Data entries
◇ ◇ ◇ ◇
(* Let $n$ be a non-negative integer and $r,s\in\mathbb{C}\setminus\mathbb{Z}^{-}$ with $s\neq0$ and $r-s\notin\mathbb{Z}^{-}$. Then \[ \begin{aligned} &\sum_{k=0}^{n}\binom{n}{k}\frac{H_{k+s}-H_{n-k+r-s}}{(k+2)(k+s)\binom{n+r}{k+s}}-\sum_{k=0}^{n}\binom{n}{k}\frac{1}{(k+2)(k+s)^2\binom{n+r}{k+s}}\\ &\quad=\sum_{k=0}^{n}\binom{n}{k}\frac{(-1)^k(H_{k+s}-H_{r-s})}{(k+1)(k+2)(k+s)\binom{k+r}{k+s}}-\sum_{k=0}^{n}\binom{n}{k}\frac{(-1)^k}{(k+1)(k+2)(k+s)^2\binom{k+r}{k+s}}. \end{aligned} \]
   Context: $\mathbb{Z}^{-}$ denotes the set of negative integers. For complex $z$ not a negative integer, $H_z=\psi(z+1)+\gamma$ ($\psi$ the digamma function, $\gamma$ Euler's constant). Binomial coefficients with complex entries: $\binom{x}{y}=\frac{\Gamma(x+1)}{\Gamma(y+1)\Gamma(x-y+1)}$. *)

theory Defs
  imports "HOL-Analysis.Analysis"
begin

definition neg_ints :: "complex set" where
  "neg_ints = {z. \<exists>m::nat. z = - of_nat (Suc m)}"

definition Hc :: "complex \<Rightarrow> complex" where
  "Hc z = Digamma (z + 1) + euler_mascheroni"

definition cbinom :: "complex \<Rightarrow> complex \<Rightarrow> complex" where
  "cbinom x y = Gamma (x + 1) / (Gamma (y + 1) * Gamma (x - y + 1))"

end

theory Submission
  imports Defs
begin

text \<open>
  Since \<open>1 / (z * cbinom M z) = Beta z (M - z + 1)\<close>, replacing \<open>s\<close> by a variable \<open>t\<close> turns each
  summand without harmonic numbers into \<open>Beta t (r - t + 1)\<close> times Pochhammer symbols in \<open>t\<close>, and a
  Chu--Vandermonde computation gives
  \<open>\<Sum>k. (n choose k) / ((k + 2) (k + t) cbinom (n + r) (k + t))
     = \<Sum>k. (n choose k) (-1)^k / ((k + 1) (k + 2) (k + t) cbinom (k + r) (k + t))\<close>
  for all \<open>t\<close> in a punctured neighbourhood of \<open>s\<close> (the computation divides by \<open>(t - 1) (t - 2)\<close>).
  The derivative of \<open>1 / (z * cbinom M z)\<close> is
  \<open>(Hc z - Hc (M - z)) / (z * cbinom M z) - 1 / (z\<^sup>2 * cbinom M z)\<close>,
  so the theorem is this identity differentiated at \<open>t = s\<close>.
\<close>

lemma pochhammer_binomial_sum_alternating:
  fixes x y :: "'a::comm_ring_1"
  shows "(\<Sum>j\<le>m. of_nat (m choose j) * (-1)^j * pochhammer x j * pochhammer (y + of_nat j) (m - j))
           = pochhammer (y - x) m"
proof -
  have "(\<Sum>j\<le>m. of_nat (m choose j) * (-1)^j * pochhammer x j * pochhammer (y + of_nat j) (m - j))
      = (-1)^m * (\<Sum>j\<le>m. of_nat (m choose j) * pochhammer x j * pochhammer (1 - y - of_nat m) (m - j))"
    unfolding sum_distrib_left
  proof (rule sum.cong[OF refl])
    fix j assume "j \<in> {..m}"
    then have "j \<le> m" by simp
    then have "pochhammer (y + of_nat j) (m - j) = (-1)^(m - j) * pochhammer (1 - y - of_nat m) (m - j)"
      using pochhammer_minus[of "y + of_nat m - 1" "m - j"] by (simp add: of_nat_diff algebra_simps)
    moreover have "(-1::'a)^j * (-1)^(m - j) = (-1)^m"
      using \<open>j \<le> m\<close> by (simp flip: power_add)
    ultimately show "of_nat (m choose j) * (-1)^j * pochhammer x j * pochhammer (y + of_nat j) (m - j)
        = (-1)^m * (of_nat (m choose j) * pochhammer x j * pochhammer (1 - y - of_nat m) (m - j))"
      by (metis (no_types, lifting) mult.assoc mult.left_commute)
  qed
  also have "\<dots> = (-1)^m * pochhammer (- (y - x + of_nat m - 1)) m"
    using pochhammer_binomial_sum[of x "1 - y - of_nat m" m] by (simp add: algebra_simps)
  also have "\<dots> = pochhammer (y - x) m"
    using pochhammer_minus[of "y - x + of_nat m - 1" m] by (simp flip: power_add)
  finally show ?thesis .
qed

lemma pochhammer_binomial_sum_weighted:
  fixes x a :: "'a::comm_ring_1"
  shows "(\<Sum>j\<le>m. of_nat (m choose j) * (of_nat j * pochhammer x j) * pochhammer a (m - j))
           = x * (pochhammer (x + 1 + a) m - pochhammer (x + a) m)"
proof -
  have index: "of_nat j * pochhammer x j = x * pochhammer (x + 1) j - x * pochhammer x j" for j
    using pochhammer_rec[of x j] pochhammer_rec'[of x j] by (simp add: algebra_simps)
  have "(\<Sum>j\<le>m. of_nat (m choose j) * (of_nat j * pochhammer x j) * pochhammer a (m - j))
      = x * (\<Sum>j\<le>m. of_nat (m choose j) * pochhammer (x + 1) j * pochhammer a (m - j))
        - x * (\<Sum>j\<le>m. of_nat (m choose j) * pochhammer x j * pochhammer a (m - j))"
    unfolding index sum_distrib_left sum_subtractf[symmetric] by (simp add: algebra_simps)
  then show ?thesis
    unfolding pochhammer_binomial_sum right_diff_distrib .
qed

lemma pochhammer_binomial_sum_weighted_tail:
  fixes x a :: "'a::comm_ring_1"
  shows "(\<Sum>k\<le>n. of_nat (Suc (Suc n) choose Suc (Suc k)) * (of_nat k + 1)
                  * pochhammer x (Suc (Suc k)) * pochhammer a (n - k))
       = x * (pochhammer (x + 1 + a) (Suc (Suc n)) - pochhammer (x + a) (Suc (Suc n)))
         - pochhammer (x + a) (Suc (Suc n)) + pochhammer a (Suc (Suc n))"
proof -
  define f where
    "f j = of_nat (Suc (Suc n) choose j) * (of_nat j - 1) * pochhammer x j * pochhammer a (Suc (Suc n) - j)"
    for j
  have "(\<Sum>k\<le>n. of_nat (Suc (Suc n) choose Suc (Suc k)) * (of_nat k + 1)
                  * pochhammer x (Suc (Suc k)) * pochhammer a (n - k))
      = (\<Sum>k\<le>n. f (Suc (Suc k)))"
    by (simp add: f_def add_ac del: binomial_Suc_Suc)
  also have "\<dots> = (\<Sum>j\<le>Suc (Suc n). f j) - f 0 - f 1"
    unfolding sum.atMost_Suc_shift by simp
  also have "(\<Sum>j\<le>Suc (Suc n). f j)
      = x * (pochhammer (x + 1 + a) (Suc (Suc n)) - pochhammer (x + a) (Suc (Suc n)))
        - pochhammer (x + a) (Suc (Suc n))"
    using pochhammer_binomial_sum_weighted[of "Suc (Suc n)" x a] pochhammer_binomial_sum[of x a "Suc (Suc n)"]
    by (simp add: f_def algebra_simps sum_subtractf del: binomial_Suc_Suc)
  finally show ?thesis
    by (simp add: f_def)
qed

lemma pochhammer_binomial_sum_alternating_tail:
  fixes x y :: "'a::comm_ring_1"
  shows "(\<Sum>k\<le>n. of_nat (Suc (Suc n) choose Suc (Suc k)) * (-1)^k
                  * pochhammer x (Suc (Suc k)) * pochhammer (y + 2 + of_nat k) (n - k))
       = pochhammer (y - x) (Suc (Suc n)) - pochhammer y (Suc (Suc n))
         + of_nat (Suc (Suc n)) * x * pochhammer (y + 1) (Suc n)"
proof -
  define f where
    "f j = of_nat (Suc (Suc n) choose j) * (-1)^j * pochhammer x j * pochhammer (y + of_nat j) (Suc (Suc n) - j)"
    for j
  have "(\<Sum>j\<le>Suc (Suc n). f j) = pochhammer (y - x) (Suc (Suc n))"
    unfolding f_def by (rule pochhammer_binomial_sum_alternating)
  moreover have "(\<Sum>j\<le>Suc (Suc n). f j) = f 0 + f 1 + (\<Sum>k\<le>n. f (Suc (Suc k)))"
    unfolding sum.atMost_Suc_shift by simp
  ultimately show ?thesis
    by (simp add: f_def algebra_simps del: binomial_Suc_Suc)
qed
◇ ◇ ◇ ◇
### WORK TASK
Print exactly the lines above from the one with "(-1)^m * pochhammer" to the one with "using pochhammer_rec[of x", including both.

### SOLUTION FOR THIS TASK
  also have "\<dots> = (-1)^m * pochhammer (- (y - x + of_nat m - 1)) m"
    using pochhammer_binomial_sum[of x "1 - y - of_nat m" m] by (simp add: algebra_simps)
  also have "\<dots> = pochhammer (y - x) m"
    using pochhammer_minus[of "y - x + of_nat m - 1" m] by (simp flip: power_add)
  finally show ?thesis .
qed

lemma pochhammer_binomial_sum_weighted:
  fixes x a :: "'a::comm_ring_1"
  shows "(\<Sum>j\<le>m. of_nat (m choose j) * (of_nat j * pochhammer x j) * pochhammer a (m - j))
           = x * (pochhammer (x + 1 + a) m - pochhammer (x + a) m)"
proof -
  have index: "of_nat j * pochhammer x j = x * pochhammer (x + 1) j - x * pochhammer x j" for j
    using pochhammer_rec[of x j] pochhammer_rec'[of x j] by (simp add: algebra_simps)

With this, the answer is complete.